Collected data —
lemma wf_disj_union:
  assumes "wf_lposet P" "wf_lposet Q"
  shows "wf_lposet (disj_union b P Q)"
  unfolding wf_lposet_iff
proof (intro conjI)
  show "finite (lp_car (disj_union b P Q))"
    using assms by (simp add: lp_car_disj_union wf_lposet_iff)
  show "lp_ord (disj_union b P Q) \<subseteq> lp_car (disj_union b P Q) \<times> lp_car (disj_union b P Q)"
    using assms unfolding wf_lposet_iff by (auto elim!: lp_ord_disj_unionE)
  show "refl_on (lp_car (disj_union b P Q)) (lp_ord (disj_union b P Q))"
    using assms unfolding wf_lposet_iff refl_on_def by (auto elim!: lp_car_disj_unionE)
  show "antisym (lp_ord (disj_union b P Q))"
    using assms unfolding wf_lposet_iff antisym_def by (auto elim!: lp_ord_disj_unionE)
  show "trans (lp_ord (disj_union b P Q))"
    unfolding trans_def
  proof (intro allI impI)
    fix x y z
    assume "(x, y) \<in> lp_ord (disj_union b P Q)" "(y, z) \<in> lp_ord (disj_union b P Q)"
    then show "(x, z) \<in> lp_ord (disj_union b P Q)"
      using assms unfolding wf_lposet_iff trans_def by (auto elim!: lp_ord_disj_unionE)
  qed
qed

lemma iso_disj_union:
  assumes "iso_lposet P P'" "iso_lposet Q Q'"
  shows "iso_lposet (disj_union b P Q) (disj_union b P' Q')"
proof -
  obtain f where f: "bij_betw f (lp_car P) (lp_car P')"
    and ordf: "\<And>x y. x \<in> lp_car P \<Longrightarrow> y \<in> lp_car P \<Longrightarrow> (x, y) \<in> lp_ord P \<longleftrightarrow> (f x, f y) \<in> lp_ord P'"
    and labf: "\<And>x. x \<in> lp_car P \<Longrightarrow> lp_lab P' (f x) = lp_lab P x"
    using assms(1) by (elim iso_lposetE) blast
  obtain g where g: "bij_betw g (lp_car Q) (lp_car Q')"
    and ordg: "\<And>x y. x \<in> lp_car Q \<Longrightarrow> y \<in> lp_car Q \<Longrightarrow> (x, y) \<in> lp_ord Q \<longleftrightarrow> (g x, g y) \<in> lp_ord Q'"
    and labg: "\<And>x. x \<in> lp_car Q \<Longrightarrow> lp_lab Q' (g x) = lp_lab Q x"
    using assms(2) by (elim iso_lposetE) blast
  define h where "h n = (if even n then inl_pos (f (n div 2)) else inr_pos (g (n div 2)))" for n
  have h [simp]: "h (inl_pos x) = inl_pos (f x)" "h (inr_pos x) = inr_pos (g x)" for x
    by (auto simp: h_def inl_pos_def inr_pos_def)
  have fx: "f x \<in> lp_car P'" if "x \<in> lp_car P" for x
    using f that by (rule bij_betw_apply)
  have gx: "g x \<in> lp_car Q'" if "x \<in> lp_car Q" for x
    using g that by (rule bij_betw_apply)
  show ?thesis
  proof (rule iso_lposetI[of h])
    have "inj_on f (lp_car P)" "inj_on g (lp_car Q)"
      using f g by (auto simp: bij_betw_def)
    then show "inj_on h (lp_car (disj_union b P Q))"
      by (intro inj_onI) (auto elim!: lp_car_disj_unionE dest: inj_onD)
    have "h ` lp_car (disj_union b P Q) = inl_pos ` f ` lp_car P \<union> inr_pos ` g ` lp_car Q"
      by (simp add: lp_car_disj_union image_Un image_image)
    then show "h ` lp_car (disj_union b P Q) = lp_car (disj_union b P' Q')"
      using f g by (simp add: bij_betw_def lp_car_disj_union)
  next
    fix x y assume "x \<in> lp_car (disj_union b P Q)" "y \<in> lp_car (disj_union b P Q)"
    then show "(x, y) \<in> lp_ord (disj_union b P Q) \<longleftrightarrow> (h x, h y) \<in> lp_ord (disj_union b P' Q')"
      by (elim lp_car_disj_unionE) (simp_all add: ordf ordg fx gx)
  next
    fix x assume "x \<in> lp_car (disj_union b P Q)"
    then show "lp_lab (disj_union b P' Q') (h x) = lp_lab (disj_union b P Q) x"
      by (elim lp_car_disj_unionE) (simp_all add: labf labg)
  qed
qed

lemma pomset_of_disj_union_rep:
  assumes "wf_lposet P" "wf_lposet Q"
  shows "pomset_of (disj_union b (rep_lposet (pomset_of P)) (rep_lposet (pomset_of Q)))
         = pomset_of (disj_union b P Q)"
proof -
  have "iso_lposet (rep_lposet (pomset_of R)) R" if "wf_lposet R" for R
    using that pomset_of_eq_iff[of "rep_lposet (pomset_of R)" R] by simp
  then have "iso_lposet (disj_union b (rep_lposet (pomset_of P)) (rep_lposet (pomset_of Q)))
      (disj_union b P Q)"
    using assms by (intro iso_disj_union)
  then show ?thesis
    using assms by (simp add: pomset_of_eq_iff wf_disj_union)
qed

lemma pom_seq_pomset_of:
  "wf_lposet P \<Longrightarrow> wf_lposet Q \<Longrightarrow> pom_seq (pomset_of P) (pomset_of Q) = pomset_of (disj_union True P Q)"
  unfolding pom_seq_def by (rule pomset_of_disj_union_rep)

lemma pom_par_pomset_of:
  "wf_lposet P \<Longrightarrow> wf_lposet Q \<Longrightarrow> pom_par (pomset_of P) (pomset_of Q) = pomset_of (disj_union False P Q)"
  unfolding pom_par_def by (rule pomset_of_disj_union_rep)

definition empty_lposet :: "'a lposet" where
  "empty_lposet = ({}, {}, (\<lambda>_. undefined))"

lemma empty_lposet_simps [simp]:
  "lp_car empty_lposet = {}" "lp_ord empty_lposet = {}" "wf_lposet empty_lposet"
  by (auto simp: empty_lposet_def lp_car_def lp_ord_def wf_lposet_def)

lemma pom_one_eq: "pom_one = pomset_of empty_lposet"
  by (simp add: pom_one_def empty_lposet_def)

lemma iso_disj_union_empty_right: "iso_lposet (disj_union b P empty_lposet) P"
  by (rule iso_lposetI[of "\<lambda>n. n div 2"])
    (auto simp: lp_car_disj_union inj_on_def image_image elim!: lp_car_disj_unionE)

lemma iso_disj_union_empty_left: "iso_lposet (disj_union b empty_lposet P) P"
  by (rule iso_lposetI[of "\<lambda>n. n div 2"])
    (auto simp: lp_car_disj_union inj_on_def image_image elim!: lp_car_disj_unionE)

definition swap_pos :: "nat \<Rightarrow> nat" where
  "swap_pos n = (if even n then n + 1 else n - 1)"

lemma swap_pos_simps [simp]: "swap_pos (inl_pos x) = inr_pos x" "swap_pos (inr_pos x) = inl_pos x"
  by (auto simp: swap_pos_def inl_pos_def inr_pos_def)

lemma iso_disj_union_swap: "iso_lposet (disj_union False P Q) (disj_union False Q P)"
proof (rule iso_lposetI[of swap_pos])
  show "inj_on swap_pos (lp_car (disj_union False P Q))"
    unfolding inj_on_def by (auto elim!: lp_car_disj_unionE)
  show "swap_pos ` lp_car (disj_union False P Q) = lp_car (disj_union False Q P)"
    by (auto simp: lp_car_disj_union image_Un image_image)
qed (auto elim!: lp_car_disj_unionE)

definition assoc_pos :: "nat \<Rightarrow> nat" where
  "assoc_pos n = (if n mod 4 = 0 then n div 2 else if n mod 4 = 2 then n - 1 else 2 * n + 1)"

lemma assoc_pos_simps [simp]:
  "assoc_pos (inl_pos (inl_pos x)) = inl_pos x"
  "assoc_pos (inl_pos (inr_pos x)) = inr_pos (inl_pos x)"
  "assoc_pos (inr_pos x) = inr_pos (inr_pos x)"
  by (auto simp: assoc_pos_def inl_pos_def inr_pos_def) presburger+

lemma iso_disj_union_assoc:
  "iso_lposet (disj_union b (disj_union b P Q) R) (disj_union b P (disj_union b Q R))"
proof (rule iso_lposetI[of assoc_pos])
  show "inj_on assoc_pos (lp_car (disj_union b (disj_union b P Q) R))"
    unfolding inj_on_def by (auto elim!: lp_car_disj_unionE)
  show "assoc_pos ` lp_car (disj_union b (disj_union b P Q) R) = lp_car (disj_union b P (disj_union b Q R))"
    by (auto simp: lp_car_disj_union image_Un image_image)
qed (auto elim!: lp_car_disj_unionE)

lemma pomset_of_eqI: "wf_lposet P \<Longrightarrow> iso_lposet P (rep_lposet U) \<Longrightarrow> pomset_of P = U"
  by (metis pomset_of_eq_iff pomset_of_rep_lposet wf_rep_lposet)

lemma pom_seq_one_right [simp]: "pom_seq U pom_one = U"
proof -
  have "pom_seq U pom_one = pomset_of (disj_union True (rep_lposet U) empty_lposet)"
    by (metis pom_one_eq pom_seq_pomset_of pomset_of_rep_lposet empty_lposet_simps(3) wf_rep_lposet)
  also have "\<dots> = U"
    by (rule pomset_of_eqI) (simp_all add: wf_disj_union iso_disj_union_empty_right)
  finally show ?thesis .
qed
lemma phi_le_at_feasible:
  assumes dp: "dual_pair p" and G: "cconj p g (u, v, c) = ereal G" and "x0 \<in> A"
    and fx: "f x0 = ereal f0"
  shows "phi p f g A (u, v, c) (x, y, a) \<le> ereal (G - p x0 u + f0)"
proof (cases "cconj p (ind A) (x, y, a) = \<infinity>")
  case True
  then show ?thesis by (simp add: phi_Pair minus_lo_PInf_right)
next
  case False
  note L = dual_pair_linear[OF dp]
  have "ind A x0 = ereal 0" using \<open>x0 \<in> A\<close> by (simp add: ind_def)
  from cconj_ge[of "ind A" x0 0 p "(x, y, a)", OF this]
  have "cpl p x0 (x, y, a) \<le> cconj p (ind A) (x, y, a)" by simp
  with False have "p x0 y < a" and "ereal (p x0 x) \<le> cconj p (ind A) (x, y, a)"
    by (auto simp: cpl_Pair split: if_splits)
  with False obtain D where D: "cconj p (ind A) (x, y, a) = ereal D" and "p x0 x \<le> D"
    by (cases "cconj p (ind A) (x, y, a)") auto
  have F: "cpl p x0 (u - x, - y, a) - ereal f0 \<le> cconj p f (u - x, - y, a)"
    using cconj_ge[of f x0 f0 p, OF fx] .
  show ?thesis
  proof (cases "p x0 (- y) < a")
    case True
    then have "ereal (p x0 u - p x0 x - f0) \<le> cconj p f (u - x, - y, a)"
      using F by (simp add: cpl_Pair L)
    then show ?thesis using \<open>p x0 x \<le> D\<close>
      by (cases "cconj p f (u - x, - y, a)") (auto simp: phi_Pair G D minus_lo_def)
  next
    case False
    then have "cconj p f (u - x, - y, a) = \<infinity>" using F by (simp add: cpl_Pair)
    then show ?thesis by (simp add: phi_Pair G D minus_lo_def)
  qed
qed

lemma vDbarF_le_vP:
  assumes dp: "dual_pair p" and pf: "proper_convex f" and pg: "proper_convex g"
    and dom: "edom f \<subseteq> edom g" and ec: "econvex_fun p g"
  shows "vDbarF p f g A \<le> vP f g A"
  unfolding vP_def
proof (rule INF_greatest)
  fix x0
  have nmg: "\<forall>t. g t > -\<infinity>" and nmf: "\<forall>t. f t > -\<infinity>"
    using pg pf by (auto simp: proper_convex_def)
  show "vDbarF p f g A \<le> minus_up (f x0) (g x0) + ind A x0"
  proof (cases "x0 \<in> A \<and> f x0 \<noteq> \<infinity>")
    case False
    then show ?thesis by (cases "g x0") (auto simp: ind_def minus_up_def)
  next
    case True
    then obtain f0 where fx: "f x0 = ereal f0" using nmf by (cases "f x0") auto
    then have "x0 \<in> edom f" by (simp add: edom_def)
    with dom have "x0 \<in> edom g" by blast
    then obtain g0 where gx: "g x0 = ereal g0" using nmg by (cases "g x0") (auto simp: edom_def)
    have "vDbarF p f g A \<le> ereal (f0 - g0) + ereal e" if "e > 0" for e
    proof -
      obtain u where u: "cconj p g (u, 0, 1) \<le> ereal (p x0 u - (g0 - e))"
        using econvex_cconj_le[OF dp ec nmg gx, of "g0 - e"] \<open>e > 0\<close> by auto
      then have wD: "(u, 0, 1) \<in> edom (cconj p g)" by (auto simp: edom_def)
      obtain G where G: "cconj p g (u, 0, 1) = ereal G"
        using proper_convex_obtain_finite[OF pg] cconj_finite_on_edom wD by metis
      have "vDbarF p f g A \<le> (SUP z\<in>Zset. phi p f g A (u, 0, 1) z)"
        unfolding vDbarF_def using wD by (rule INF_lower)
      also have "\<dots> \<le> ereal (G - p x0 u + f0)"
        using phi_le_at_feasible[where f = f, OF dp G conjunct1[OF True] fx] by (intro SUP_least) auto
      also have "\<dots> \<le> ereal (f0 - g0) + ereal e" using u G by simp
      finally show ?thesis .
    qed
    then show ?thesis using True fx gx
      by (simp add: minus_up_def ind_def ereal_le_epsilon2)
  qed
qed

lemma strong_DbarF_if_strong_DF:
  assumes "vDbarF p f g A \<le> vP f g A" and "strong_DF p f g A"
  shows "strong_DbarF p f g A"
proof -
  have "vDbarF p f g A = vDF p f g A"
    using assms vDF_le_vDbarF[of p f g A] by (simp add: strong_DF_def)
  then show ?thesis using assms(2) unfolding strong_DF_def strong_DbarF_def by auto
qed

lemma Kset_Bset_subset_Omega_if_strong_DF:
  assumes dp: "dual_pair p" and pg: "proper_convex g" and "A \<noteq> {}"
    and weak: "vDbarF p f g A \<le> vP f g A" and sd: "strong_DF p f g A"
  shows "Kset p f g A \<inter> Bset \<subseteq> Omega p f g A"
proof
  note memB = Eset_Bset_iff_edom[OF dp pg \<open>A \<noteq> {}\<close>]
  obtain z0 where z0: "z0 \<in> edom (cconj p (ind A))"
    and opt: "\<And>w. w \<in> edom (cconj p g) \<Longrightarrow> vDF p f g A \<le> phi p f g A w z0"
    using sd by (auto simp: strong_DF_def)
  have eq: "vDbarF p f g A = vDF p f g A"
    using weak sd vDF_le_vDbarF[of p f g A] by (simp add: strong_DF_def)
  fix q assume q: "q \<in> Kset p f g A \<inter> Bset"
  then obtain b r where qb: "q = ((0, 0, b), r)" and "b > 0" by (auto simp: Bset_def)
  have "ereal (- r) \<le> (SUP z\<in>Zset. phi p f g A w z)" if w: "w \<in> edom (cconj p g)" for w
  proof -
    obtain z where z: "z \<in> edom (cconj p (ind A))" "q \<in> Eset p f g A w z"
      using q w by (auto simp: Kset_def)
    obtain z' where "z' \<in> Zset" "phi p f g A w z \<le> phi p f g A w z'"
      using phi_raise_into_Zset[OF z(1)] by metis
    moreover have "ereal (- r) \<le> phi p f g A w z" using memB[OF \<open>b > 0\<close> w z(1)] z(2) qb by simp
    ultimately show ?thesis by (meson SUP_upper order_trans)
  qed
  then have "ereal (- r) \<le> vDF p f g A"
    unfolding eq[symmetric] vDbarF_def by (rule INF_greatest)
  then have "q \<in> Eset p f g A w z0" if "w \<in> edom (cconj p g)" for w
    using memB[OF \<open>b > 0\<close> that z0] opt[OF that] qb by auto
  then show "q \<in> Omega p f g A" using z0 unfolding Omega_def by blast
qed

Exercise prompt — Return, from the entries, each line that holds "also".

Answer space —
  also have "\<dots> = U"
      also have "\<dots> \<le> ereal (G - p x0 u + f0)"
      also have "\<dots> \<le> ereal (f0 - g0) + ereal e" using u G by simp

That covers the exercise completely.